# Exercise prompt
An exact reproduction of all the entries below is required.
(Supplied information)
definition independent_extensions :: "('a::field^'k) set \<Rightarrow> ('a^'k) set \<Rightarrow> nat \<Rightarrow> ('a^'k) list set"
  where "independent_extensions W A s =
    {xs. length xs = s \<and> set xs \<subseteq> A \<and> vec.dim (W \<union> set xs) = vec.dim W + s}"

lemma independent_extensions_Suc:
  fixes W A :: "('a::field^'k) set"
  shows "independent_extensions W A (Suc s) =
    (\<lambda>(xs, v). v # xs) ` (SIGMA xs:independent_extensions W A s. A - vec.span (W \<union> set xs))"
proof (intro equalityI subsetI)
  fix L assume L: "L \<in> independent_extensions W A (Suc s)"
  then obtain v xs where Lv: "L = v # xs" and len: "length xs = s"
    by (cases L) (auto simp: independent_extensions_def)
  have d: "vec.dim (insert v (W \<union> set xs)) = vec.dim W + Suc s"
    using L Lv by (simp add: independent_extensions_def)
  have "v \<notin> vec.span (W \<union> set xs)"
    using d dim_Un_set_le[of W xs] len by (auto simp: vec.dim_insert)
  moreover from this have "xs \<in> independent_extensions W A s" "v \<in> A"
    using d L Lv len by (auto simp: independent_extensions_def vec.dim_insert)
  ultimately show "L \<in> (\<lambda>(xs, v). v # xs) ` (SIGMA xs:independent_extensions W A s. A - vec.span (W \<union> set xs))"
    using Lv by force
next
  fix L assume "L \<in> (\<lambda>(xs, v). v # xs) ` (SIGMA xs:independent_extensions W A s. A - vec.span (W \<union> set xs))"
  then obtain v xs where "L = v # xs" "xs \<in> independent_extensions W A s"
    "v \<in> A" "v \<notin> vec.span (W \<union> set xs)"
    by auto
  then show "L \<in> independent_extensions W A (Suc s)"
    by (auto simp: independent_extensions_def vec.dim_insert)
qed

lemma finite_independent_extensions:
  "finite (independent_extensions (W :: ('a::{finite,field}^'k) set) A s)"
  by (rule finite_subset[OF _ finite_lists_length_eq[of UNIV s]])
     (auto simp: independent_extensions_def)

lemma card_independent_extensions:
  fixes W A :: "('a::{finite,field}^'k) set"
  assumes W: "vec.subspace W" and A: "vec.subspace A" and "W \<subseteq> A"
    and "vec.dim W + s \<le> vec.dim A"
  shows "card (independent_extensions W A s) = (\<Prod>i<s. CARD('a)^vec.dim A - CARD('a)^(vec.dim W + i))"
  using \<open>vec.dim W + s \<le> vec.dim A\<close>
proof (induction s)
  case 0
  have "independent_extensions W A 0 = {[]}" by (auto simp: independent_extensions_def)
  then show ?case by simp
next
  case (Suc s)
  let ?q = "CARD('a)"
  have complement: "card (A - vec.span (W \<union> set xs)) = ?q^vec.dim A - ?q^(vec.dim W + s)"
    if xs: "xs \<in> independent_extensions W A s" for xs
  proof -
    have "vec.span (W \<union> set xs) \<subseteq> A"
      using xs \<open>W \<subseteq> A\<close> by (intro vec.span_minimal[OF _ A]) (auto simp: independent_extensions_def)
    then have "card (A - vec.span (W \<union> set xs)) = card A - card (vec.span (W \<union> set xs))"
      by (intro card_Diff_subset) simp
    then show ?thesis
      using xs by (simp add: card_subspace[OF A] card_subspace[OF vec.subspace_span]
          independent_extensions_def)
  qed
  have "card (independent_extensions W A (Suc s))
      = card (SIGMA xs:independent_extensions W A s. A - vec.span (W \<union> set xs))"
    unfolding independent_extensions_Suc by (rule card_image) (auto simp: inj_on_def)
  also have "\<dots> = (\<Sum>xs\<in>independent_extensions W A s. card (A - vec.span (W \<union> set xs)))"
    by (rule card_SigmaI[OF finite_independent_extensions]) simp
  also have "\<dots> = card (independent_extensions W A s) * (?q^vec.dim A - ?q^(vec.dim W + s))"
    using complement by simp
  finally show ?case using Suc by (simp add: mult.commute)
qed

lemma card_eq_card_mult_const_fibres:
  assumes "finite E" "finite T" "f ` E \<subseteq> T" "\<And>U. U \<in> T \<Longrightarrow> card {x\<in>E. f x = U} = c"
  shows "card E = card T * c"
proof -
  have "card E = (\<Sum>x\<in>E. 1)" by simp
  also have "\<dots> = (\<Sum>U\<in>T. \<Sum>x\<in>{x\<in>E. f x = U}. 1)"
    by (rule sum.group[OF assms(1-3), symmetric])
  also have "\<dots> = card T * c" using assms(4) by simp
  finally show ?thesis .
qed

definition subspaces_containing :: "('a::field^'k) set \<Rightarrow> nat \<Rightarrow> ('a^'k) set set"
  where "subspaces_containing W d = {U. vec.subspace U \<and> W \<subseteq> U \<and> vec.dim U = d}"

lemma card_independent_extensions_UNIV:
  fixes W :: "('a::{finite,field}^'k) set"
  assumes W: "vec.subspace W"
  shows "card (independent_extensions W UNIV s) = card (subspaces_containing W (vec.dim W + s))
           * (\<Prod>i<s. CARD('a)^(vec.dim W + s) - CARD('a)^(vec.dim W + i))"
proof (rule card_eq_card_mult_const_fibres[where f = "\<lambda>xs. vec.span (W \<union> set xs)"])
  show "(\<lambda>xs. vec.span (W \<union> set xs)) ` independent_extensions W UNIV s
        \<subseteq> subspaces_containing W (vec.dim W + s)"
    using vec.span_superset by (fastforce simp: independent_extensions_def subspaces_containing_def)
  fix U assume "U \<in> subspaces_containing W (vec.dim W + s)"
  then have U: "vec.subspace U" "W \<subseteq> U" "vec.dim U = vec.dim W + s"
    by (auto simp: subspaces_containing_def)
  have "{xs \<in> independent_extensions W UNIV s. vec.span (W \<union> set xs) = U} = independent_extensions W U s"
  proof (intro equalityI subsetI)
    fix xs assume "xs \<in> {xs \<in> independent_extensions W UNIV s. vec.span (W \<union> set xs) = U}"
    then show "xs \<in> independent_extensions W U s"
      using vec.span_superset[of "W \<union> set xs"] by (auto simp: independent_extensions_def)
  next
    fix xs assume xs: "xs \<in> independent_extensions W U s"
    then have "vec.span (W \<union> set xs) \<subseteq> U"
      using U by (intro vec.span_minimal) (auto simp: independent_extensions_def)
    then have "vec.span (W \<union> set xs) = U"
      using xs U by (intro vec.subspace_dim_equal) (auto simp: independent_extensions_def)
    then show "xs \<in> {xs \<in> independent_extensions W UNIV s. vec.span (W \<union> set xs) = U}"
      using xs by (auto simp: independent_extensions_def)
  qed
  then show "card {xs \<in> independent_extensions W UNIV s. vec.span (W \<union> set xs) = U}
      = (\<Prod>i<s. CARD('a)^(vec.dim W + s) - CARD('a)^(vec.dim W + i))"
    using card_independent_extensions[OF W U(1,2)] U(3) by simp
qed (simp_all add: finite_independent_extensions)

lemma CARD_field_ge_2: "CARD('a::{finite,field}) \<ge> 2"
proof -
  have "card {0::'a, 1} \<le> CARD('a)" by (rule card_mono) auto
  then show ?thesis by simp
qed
(End Supplied information)
# Answer to the problem
definition independent_extensions :: "('a::field^'k) set \<Rightarrow> ('a^'k) set \<Rightarrow> nat \<Rightarrow> ('a^'k) list set"
  where "independent_extensions W A s =
    {xs. length xs = s \<and> set xs \<subseteq> A \<and> vec.dim (W \<union> set xs) = vec.dim W + s}"

lemma independent_extensions_Suc:
  fixes W A :: "('a::field^'k) set"
  shows "independent_extensions W A (Suc s) =
    (\<lambda>(xs, v). v # xs) ` (SIGMA xs:independent_extensions W A s. A - vec.span (W \<union> set xs))"
proof (intro equalityI subsetI)
  fix L assume L: "L \<in> independent_extensions W A (Suc s)"
  then obtain v xs where Lv: "L = v # xs" and len: "length xs = s"
    by (cases L) (auto simp: independent_extensions_def)
  have d: "vec.dim (insert v (W \<union> set xs)) = vec.dim W + Suc s"
    using L Lv by (simp add: independent_extensions_def)
  have "v \<notin> vec.span (W \<union> set xs)"
    using d dim_Un_set_le[of W xs] len by (auto simp: vec.dim_insert)
  moreover from this have "xs \<in> independent_extensions W A s" "v \<in> A"
    using d L Lv len by (auto simp: independent_extensions_def vec.dim_insert)
  ultimately show "L \<in> (\<lambda>(xs, v). v # xs) ` (SIGMA xs:independent_extensions W A s. A - vec.span (W \<union> set xs))"
    using Lv by force
next
  fix L assume "L \<in> (\<lambda>(xs, v). v # xs) ` (SIGMA xs:independent_extensions W A s. A - vec.span (W \<union> set xs))"
  then obtain v xs where "L = v # xs" "xs \<in> independent_extensions W A s"
    "v \<in> A" "v \<notin> vec.span (W \<union> set xs)"
    by auto
  then show "L \<in> independent_extensions W A (Suc s)"
    by (auto simp: independent_extensions_def vec.dim_insert)
qed

lemma finite_independent_extensions:
  "finite (independent_extensions (W :: ('a::{finite,field}^'k) set) A s)"
  by (rule finite_subset[OF _ finite_lists_length_eq[of UNIV s]])
     (auto simp: independent_extensions_def)

lemma card_independent_extensions:
  fixes W A :: "('a::{finite,field}^'k) set"
  assumes W: "vec.subspace W" and A: "vec.subspace A" and "W \<subseteq> A"
    and "vec.dim W + s \<le> vec.dim A"
  shows "card (independent_extensions W A s) = (\<Prod>i<s. CARD('a)^vec.dim A - CARD('a)^(vec.dim W + i))"
  using \<open>vec.dim W + s \<le> vec.dim A\<close>
proof (induction s)
  case 0
  have "independent_extensions W A 0 = {[]}" by (auto simp: independent_extensions_def)
  then show ?case by simp
next
  case (Suc s)
  let ?q = "CARD('a)"
  have complement: "card (A - vec.span (W \<union> set xs)) = ?q^vec.dim A - ?q^(vec.dim W + s)"
    if xs: "xs \<in> independent_extensions W A s" for xs
  proof -
    have "vec.span (W \<union> set xs) \<subseteq> A"
      using xs \<open>W \<subseteq> A\<close> by (intro vec.span_minimal[OF _ A]) (auto simp: independent_extensions_def)
    then have "card (A - vec.span (W \<union> set xs)) = card A - card (vec.span (W \<union> set xs))"
      by (intro card_Diff_subset) simp
    then show ?thesis
      using xs by (simp add: card_subspace[OF A] card_subspace[OF vec.subspace_span]
          independent_extensions_def)
  qed
  have "card (independent_extensions W A (Suc s))
      = card (SIGMA xs:independent_extensions W A s. A - vec.span (W \<union> set xs))"
    unfolding independent_extensions_Suc by (rule card_image) (auto simp: inj_on_def)
  also have "\<dots> = (\<Sum>xs\<in>independent_extensions W A s. card (A - vec.span (W \<union> set xs)))"
    by (rule card_SigmaI[OF finite_independent_extensions]) simp
  also have "\<dots> = card (independent_extensions W A s) * (?q^vec.dim A - ?q^(vec.dim W + s))"
    using complement by simp
  finally show ?case using Suc by (simp add: mult.commute)
qed

lemma card_eq_card_mult_const_fibres:
  assumes "finite E" "finite T" "f ` E \<subseteq> T" "\<And>U. U \<in> T \<Longrightarrow> card {x\<in>E. f x = U} = c"
  shows "card E = card T * c"
proof -
  have "card E = (\<Sum>x\<in>E. 1)" by simp
  also have "\<dots> = (\<Sum>U\<in>T. \<Sum>x\<in>{x\<in>E. f x = U}. 1)"
    by (rule sum.group[OF assms(1-3), symmetric])
  also have "\<dots> = card T * c" using assms(4) by simp
  finally show ?thesis .
qed

definition subspaces_containing :: "('a::field^'k) set \<Rightarrow> nat \<Rightarrow> ('a^'k) set set"
  where "subspaces_containing W d = {U. vec.subspace U \<and> W \<subseteq> U \<and> vec.dim U = d}"

lemma card_independent_extensions_UNIV:
  fixes W :: "('a::{finite,field}^'k) set"
  assumes W: "vec.subspace W"
  shows "card (independent_extensions W UNIV s) = card (subspaces_containing W (vec.dim W + s))
           * (\<Prod>i<s. CARD('a)^(vec.dim W + s) - CARD('a)^(vec.dim W + i))"
proof (rule card_eq_card_mult_const_fibres[where f = "\<lambda>xs. vec.span (W \<union> set xs)"])
  show "(\<lambda>xs. vec.span (W \<union> set xs)) ` independent_extensions W UNIV s
        \<subseteq> subspaces_containing W (vec.dim W + s)"
    using vec.span_superset by (fastforce simp: independent_extensions_def subspaces_containing_def)
  fix U assume "U \<in> subspaces_containing W (vec.dim W + s)"
  then have U: "vec.subspace U" "W \<subseteq> U" "vec.dim U = vec.dim W + s"
    by (auto simp: subspaces_containing_def)
  have "{xs \<in> independent_extensions W UNIV s. vec.span (W \<union> set xs) = U} = independent_extensions W U s"
  proof (intro equalityI subsetI)
    fix xs assume "xs \<in> {xs \<in> independent_extensions W UNIV s. vec.span (W \<union> set xs) = U}"
    then show "xs \<in> independent_extensions W U s"
      using vec.span_superset[of "W \<union> set xs"] by (auto simp: independent_extensions_def)
  next
    fix xs assume xs: "xs \<in> independent_extensions W U s"
    then have "vec.span (W \<union> set xs) \<subseteq> U"
      using U by (intro vec.span_minimal) (auto simp: independent_extensions_def)
    then have "vec.span (W \<union> set xs) = U"
      using xs U by (intro vec.subspace_dim_equal) (auto simp: independent_extensions_def)
    then show "xs \<in> {xs \<in> independent_extensions W UNIV s. vec.span (W \<union> set xs) = U}"
      using xs by (auto simp: independent_extensions_def)
  qed
  then show "card {xs \<in> independent_extensions W UNIV s. vec.span (W \<union> set xs) = U}
      = (\<Prod>i<s. CARD('a)^(vec.dim W + s) - CARD('a)^(vec.dim W + i))"
    using card_independent_extensions[OF W U(1,2)] U(3) by simp
qed (simp_all add: finite_independent_extensions)

lemma CARD_field_ge_2: "CARD('a::{finite,field}) \<ge> 2"
proof -
  have "card {0::'a, 1} \<le> CARD('a)" by (rule card_mono) auto
  then show ?thesis by simp
qed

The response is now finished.